Here is the input numpy arrary:
In [21]: atIndex
Out[21]:
array(['2018-03-23T15:10', '2018-03-23T15:20', '2018-03-23T15:30', ...,
'2019-03-17T10:30', '2019-03-17T10:40', '2019-03-17T10:50'],
dtype='datetime64[10m]')
And here is what happens when I attempt to make a pandas.DatetimeIndex with it:
In [23]: pandas.DatetimeIndex(atIndex)
Out[23]:
DatetimeIndex(['1974-10-28 08:43:00', '1974-10-28 08:44:00',
'1974-10-28 08:45:00', '1974-10-28 08:46:00',
'1974-10-28 08:47:00', '1974-10-28 08:48:00',
'1974-10-28 08:49:00', '1974-10-28 08:50:00',
'1974-10-28 08:51:00', '1974-10-28 08:52:00',
...
'1974-12-03 05:44:00', '1974-12-03 05:45:00',
'1974-12-03 05:46:00', '1974-12-03 05:47:00',
'1974-12-03 05:48:00', '1974-12-03 05:49:00',
'1974-12-03 05:50:00', '1974-12-03 05:51:00',
'1974-12-03 05:52:00', '1974-12-03 05:53:00'],
dtype='datetime64[ns]', length=51671, freq=None)

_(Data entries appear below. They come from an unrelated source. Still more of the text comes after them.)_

lemma bilinear_form_test_vector:
  "bilinear_form E (edge_laplacian V E) (test_vector i) (test_vector i)
     = (\<Sum>v\<in>V. color_deg i v / real (hdeg E v)) - real c * (class_size i)\<^sup>2 / real (card E)"
proof -
  define a where "a = class_size i / real (card E)"
  let ?d = "\<lambda>v. real (hdeg E v)"
  have "bilinear_form E (edge_laplacian V E) (test_vector i) (test_vector i)
      = (\<Sum>v\<in>V. (color_deg i v - a * ?d v)\<^sup>2 / ?d v)"
    unfolding bilinear_form_edge_laplacian incidence_test_vector a_def ..
  also have "\<dots> = (\<Sum>v\<in>V. color_deg i v / ?d v - 2 * a * color_deg i v + a\<^sup>2 * ?d v)"
  proof (intro sum.cong refl)
    fix v assume "v \<in> V"
    have "color_deg i v * color_deg i v = color_deg i v" using color_deg_01[of i v] by auto
    then have "(color_deg i v - a * ?d v)\<^sup>2 = color_deg i v - 2 * a * color_deg i v * ?d v + a\<^sup>2 * ?d v * ?d v"
      by (simp add: power2_eq_square algebra_simps)
    then show "(color_deg i v - a * ?d v)\<^sup>2 / ?d v = color_deg i v / ?d v - 2 * a * color_deg i v + a\<^sup>2 * ?d v"
      using hdeg_pos[OF \<open>v \<in> V\<close>] by (simp add: field_simps)
  qed
  also have "\<dots> = (\<Sum>v\<in>V. color_deg i v / ?d v) - 2 * a * (\<Sum>v\<in>V. color_deg i v) + a\<^sup>2 * (\<Sum>v\<in>V. ?d v)"
    by (simp add: sum.distrib sum_subtractf sum_distrib_left)
  also have "\<dots> = (\<Sum>v\<in>V. color_deg i v / ?d v) - real c * (class_size i)\<^sup>2 / real (card E)"
    unfolding sum_color_deg_vertices sum_hdeg[OF hypergraph uniform] a_def
    using card_edges_pos by (simp add: power2_eq_square field_simps)
  finally show ?thesis .
qed

lemma dot_test_vector:
  "dot E (test_vector i) (test_vector i) = class_size i - (class_size i)\<^sup>2 / real (card E)"
proof -
  define a where "a = class_size i / real (card E)"
  have "dot E (test_vector i) (test_vector i)
      = (\<Sum>e\<in>E. (if col e = i then 1 else 0) - 2 * a * (if col e = i then 1 else 0) + a\<^sup>2)"
    unfolding dot_def test_vector_def a_def[symmetric]
    by (intro sum.cong refl) (simp add: power2_eq_square algebra_simps)
  also have "\<dots> = class_size i - 2 * a * class_size i + real (card E) * a\<^sup>2"
    unfolding class_size_sum by (simp add: sum.distrib sum_subtractf sum_distrib_left)
  also have "\<dots> = class_size i - (class_size i)\<^sup>2 / real (card E)"
    unfolding a_def using card_edges_pos by (simp add: power2_eq_square field_simps)
  finally show ?thesis .
qed

lemma sum_bilinear_form_test_vectors:
  "(\<Sum>i\<in>{1..k}. bilinear_form E (edge_laplacian V E) (test_vector i) (test_vector i))
     = real (card V) - real c * (\<Sum>i\<in>{1..k}. (class_size i)\<^sup>2) / real (card E)"
proof -
  have "(\<Sum>i\<in>{1..k}. \<Sum>v\<in>V. color_deg i v / real (hdeg E v))
      = (\<Sum>v\<in>V. (\<Sum>i\<in>{1..k}. color_deg i v) / real (hdeg E v))"
    by (subst sum.swap) (simp add: sum_divide_distrib)
  also have "\<dots> = (\<Sum>v\<in>V. 1)"
  proof (intro sum.cong refl)
    fix v assume "v \<in> V"
    then show "(\<Sum>i\<in>{1..k}. color_deg i v) / real (hdeg E v) = 1"
      unfolding sum_color_deg_colors using hdeg_pos by simp
  qed
  finally show ?thesis
    unfolding bilinear_form_test_vector sum_subtractf
    by (simp add: sum_divide_distrib[symmetric] sum_distrib_left[symmetric])
qed

lemma sum_dot_test_vectors:
  "(\<Sum>i\<in>{1..k}. dot E (test_vector i) (test_vector i))
     = real (card E) - (\<Sum>i\<in>{1..k}. (class_size i)\<^sup>2) / real (card E)"
  unfolding dot_test_vector sum_subtractf sum_class_size
  by (simp add: sum_divide_distrib[symmetric])

lemma equitable_eigen_if_bound_attained:
  assumes bound: "rayleigh_lower_bound E (edge_laplacian V E) \<mu>"
    and lt: "\<mu> < real (card V) / real (card E)"
    and attained: "real k = (real c - \<mu>) / (real (card V) / real (card E) - \<mu>)"
    and i: "i \<in> {1..k}"
  shows "class_size i = real (card E) / real k"
    and "test_vector i \<in> eigenspace E (edge_laplacian V E) \<mu>"
proof -
  define M N where "M = real (card E)" and "N = real (card V)"
  define Q where "Q = (\<Sum>j\<in>{1..k}. (class_size j)\<^sup>2)"
  define g where "g j = bilinear_form E (edge_laplacian V E) (test_vector j) (test_vector j)
                         - \<mu> * dot E (test_vector j) (test_vector j)" for j
  define dev where "dev j = (class_size j - M / real k)\<^sup>2" for j
  have M: "0 < M" unfolding M_def by (rule card_edges_pos)
  have k: "0 < real k" using colors_pos by simp
  have g_nonneg: "0 \<le> g j" for j
    using bound test_vector_supported unfolding rayleigh_lower_bound_def g_def by simp
  have dev_nonneg: "0 \<le> dev j" for j unfolding dev_def by simp
  have ck: "real c - \<mu> = real k * (N / M - \<mu>)"
    using attained lt unfolding M_def N_def by (simp add: field_simps)
  then have "0 < real c - \<mu>" using k lt unfolding M_def N_def by simp
  have N: "N = \<mu> * M + (real c - \<mu>) * M / real k"
    using ck M k by (simp add: field_simps)
  have sum_g: "(\<Sum>j\<in>{1..k}. g j) = N - real c * Q / M - \<mu> * (M - Q / M)"
    unfolding g_def sum_subtractf sum_distrib_left[symmetric] sum_bilinear_form_test_vectors
      sum_dot_test_vectors M_def N_def Q_def ..
  have sum_dev: "(\<Sum>j\<in>{1..k}. dev j) = Q - M\<^sup>2 / real k"
    using sum_squared_deviation[of "{1..k}" class_size] unfolding dev_def Q_def sum_class_size M_def
    by simp
  \<comment> \<open>The Rayleigh defects \<open>g j\<close> and the deviations \<open>dev j\<close> are nonnegative, and attaining
      the bound makes a positive combination of their sums vanish.\<close>
  have "(\<Sum>j\<in>{1..k}. g j) + (real c - \<mu>) / M * (\<Sum>j\<in>{1..k}. dev j) = 0"
    unfolding sum_g sum_dev N using M k by (simp add: field_simps power2_eq_square)
  moreover have "0 \<le> (\<Sum>j\<in>{1..k}. g j)" "0 \<le> (real c - \<mu>) / M * (\<Sum>j\<in>{1..k}. dev j)"
    using g_nonneg dev_nonneg M \<open>0 < real c - \<mu>\<close> by (simp_all add: sum_nonneg)
  ultimately have "(\<Sum>j\<in>{1..k}. g j) = 0" "(real c - \<mu>) / M * (\<Sum>j\<in>{1..k}. dev j) = 0"
    by linarith+
  then have "(\<Sum>j\<in>{1..k}. g j) = 0" "(\<Sum>j\<in>{1..k}. dev j) = 0"
    using M \<open>0 < real c - \<mu>\<close> by simp_all
  then have "g i = 0" "dev i = 0"
    using g_nonneg dev_nonneg i by (simp_all add: sum_nonneg_eq_0_iff)
  then show "class_size i = real (card E) / real k"
    and "test_vector i \<in> eigenspace E (edge_laplacian V E) \<mu>"
    using eigenvector_if_rayleigh_equality[OF finite_edges symmetric_edge_laplacian bound
        test_vector_supported]
    unfolding g_def dev_def M_def by simp_all
qed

~~Is there a workaround for this that has discovered yet?~~ Answered my question with some trial and error. Workaround:
In [44]: pandas.DatetimeIndex(atIndex.astype('datetime64[ns]'))
Out[44]:
DatetimeIndex(['2018-03-23 15:10:00', '2018-03-23 15:20:00',
'2018-03-23 15:30:00', '2018-03-23 15:40:00',
'2018-03-23 15:50:00', '2018-03-23 16:00:00',
'2018-03-23 16:10:00', '2018-03-23 16:20:00',
'2018-03-23 16:30:00', '2018-03-23 16:40:00',
...
'2019-03-17 09:20:00', '2019-03-17 09:30:00',
'2019-03-17 09:40:00', '2019-03-17 09:50:00',
'2019-03-17 10:00:00', '2019-03-17 10:10:00',
'2019-03-17 10:20:00', '2019-03-17 10:30:00',
'2019-03-17 10:40:00', '2019-03-17 10:50:00'],
dtype='datetime64[ns]', length=51671, freq=None)
Perhaps this sort of type casting could be used if/when the inpute datetime array has a multiple of a standard unit?
Comment From: TomAugspurger
Casting seems fine if it's lossless. But if the values can't be represented correctly as datetime64[ns] then we should raise (I suspect we do).
Comment From: jbrockmendel
@seberg im trying to detect the exotic unit with
num = (<PyDatetimeScalarObject*>obj).obmeta.num
if num != 1:
raise ...
but finding in a bunch of cases, including np.datetime64(1, "500s")
num comes back as 0. Is there a better way to check for this?
Comment From: seberg
Weird, I don't think that can be true!? The 500 is indeed that num. I should try that cython code (looked at the generated code only)... There is a mistake in NumPy's pxd
file here:
ctypedef struct PyArray_DatetimeMetaData:
NPY_DATETIMEUNIT base
int64_t num
when it should be:
ctypedef struct PyArray_DatetimeMetaData:
NPY_DATETIMEUNIT base
int num
but with the cython code generation spitting out C/C++, the compiler will use the NumPy definition either way and a cast to int64 seems rather meaningless.